The largest privacy-oriented cryptocurrency, Monero, recently upgraded its network in order to make the network ASIC-resistant. Prior to this upgrade, the network used to see a constant algorithm update to ward off ASIC miners; however, the recent change from CryptoNightR to RandomX promises to keep the network ASIC resistant for a much longer duration. Along with the shift to RandomX, this upgrade included several other changes, such as phasing out long payment IDs.
Notably, this upgrade was one of the topics discussed during the latest session of Monero Talk. Justin Ehrenhofer, a regulatory compliance analyst at DV Trading, provided a brief about the changes that were rolled out in the upgrade that took place on November 30. Justin stated that the upgrade “came with a substantial number of improvements to GUI and CLI release,” including software like MyMonero and Cake Wallet.
Talking about RandomX, he stated,
“[…] RandomX, which is a new proof-of-work algorithm for Monero that is meant to be an ASIC resistant and to provide additional competition essentially within the CPU mining market. So, that’s a very large change to Monero. Of course within GUI, it comes in with better tail support, better user experience support.”

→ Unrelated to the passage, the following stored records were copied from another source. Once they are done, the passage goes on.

lemma Lp_complete_pseudometric:
  assumes p: "p \<ge> 1"
  shows "complete_pseudometric (Lp_set p) (Lp_dist p)"
proof (intro complete_pseudometric.intro complete_pseudometric_axioms.intro Lp_pseudometric[OF p])
  interpret pseudometric "Lp_set p" "Lp_dist p" by (rule Lp_pseudometric[OF p])
  fix c :: "nat \<Rightarrow> real \<Rightarrow> real" and B
  assume c: "\<And>k. c k \<in> Lp_set p" and steps: "\<And>k. Lp_dist p (c k) (c (Suc k)) \<le> B * (1/4)^k"
  define f where "f x = lim (\<lambda>k. c k x)" for x
  have [measurable]: "f \<in> borel_measurable lborel"
    unfolding f_def using Lp_set_measurable[OF c] by measurable
  have lim: "AE x in lborel. (\<lambda>k. c k x) \<longlonglongrightarrow> f x"
    using AE_convergent_if_Lp_dist_geometric[OF p c steps]
    by eventually_elim (simp add: f_def convergent_LIMSEQ_iff)
  have "\<forall>\<^sub>F j in sequentially. Lp_dist p (c j) (c k) \<le> 2 * B * (1/4)^k" for k
  proof -
    have "Lp_dist p (c j) (c k) \<le> 2 * B * (1/4)^k" if "k \<le> j" for j
      using dist_geometric_steps_le[OF c steps that] by (simp add: Lp_dist_sym)
    then show ?thesis unfolding eventually_sequentially by blast
  qed
  then have diff: "(\<lambda>x. f x - c k x) \<in> Lp_set p" and close: "Lp_dist p f (c k) \<le> 2 * B * (1/4)^k" for k
    using Lp_dist_limit_le[OF p c c _ lim] by auto
  have "(\<lambda>x. (f x - c 0 x) + c 0 x) \<in> Lp_set p" by (rule Lp_set_add[OF p diff c])
  then have "f \<in> Lp_set p" by simp
  moreover have "(\<lambda>k. Lp_dist p (c k) f) \<longlonglongrightarrow> 0"
  proof (rule Lim_null_comparison)
    show "\<forall>\<^sub>F k in sequentially. norm (Lp_dist p (c k) f) \<le> 2 * B * (1/4)^k"
      using close by (simp add: Lp_dist_sym Lp_dist_nonneg)
    show "(\<lambda>k. 2 * B * (1/4::real)^k) \<longlonglongrightarrow> 0"
      by (intro tendsto_mult_right_zero LIMSEQ_power_zero) simp
  qed
  ultimately show "\<exists>x\<in>Lp_set p. (\<lambda>k. Lp_dist p (c k) x) \<longlonglongrightarrow> 0" by blast
qed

Justin also revealed that this upgrade had bug fixes, stating that Standford researchers “did a timely analysis on ZCash and Monero and the improvements were safely disclosed and patched in the latest Monero release.” In terms of infrastructure, he stated that long payment IDs were “deprecated,” adding,
“Exchanges, wallets, other services upgraded in order to use sub-addresses or integrated addresses, both of which are significantly better especially sub-addresses […] simple node of the GUI, it means that it more easily connects to the rest of the network and in a more decentralized fashion because it automatically finds nodes to connect to […]”
Subsequently, Howard Chu, CTO of Symas Corp, also spoke about the post-scenario of RandomX upgrade. According to him, the “most interesting statistics” was the hashrate and the number of miners, stating that the network lost about a quarter of miners.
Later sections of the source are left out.